++++ Dataset records

lemma sphere_class_unit_sphere:
  assumes "sphere_class (Suc d) E W" "x \<in> W"
  shows "sphere_class d E (unit_sphere E W x)"
proof -
  have "\<not> contractible E W" "ball_class (Suc d) E (W - {x})"
    and "sphere_class d E (unit_sphere E W x) \<or> ball_class d E (unit_sphere E W x)"
    using assms unfolding sphere_class_Suc geom_step_def by blast+
  then show ?thesis
    using contractible.step[OF assms(2)] ball_class_contractible by blast
qed

lemma sphere_class_Suc_nonempty: "sphere_class (Suc d) E W \<Longrightarrow> W \<noteq> {}"
  unfolding sphere_class_Suc geom_step_def by blast

lemma num_cliques_sphere_class:
  "sphere_class d E W \<Longrightarrow> finite_simple_graph E W \<Longrightarrow> d < k \<Longrightarrow> num_cliques E W k = 0"
proof (induction d arbitrary: W k)
  case 0
  then show ?case by (simp add: sphere_class_def num_cliques_no_edges)
next
  case (Suc d)
  then obtain j where "k = Suc j" "d < j"
    by (metis Suc_lessE)
  with Suc show ?case
    by (auto intro!: num_cliques_Suc_eq_0 Suc.IH sphere_class_unit_sphere
        finite_simple_graph_subset[OF _ unit_sphere_subset])
qed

++++++++

» What the exercise asks:
Count the lines above in which the word "case" appears, then state only that count.

» Worked solution:
4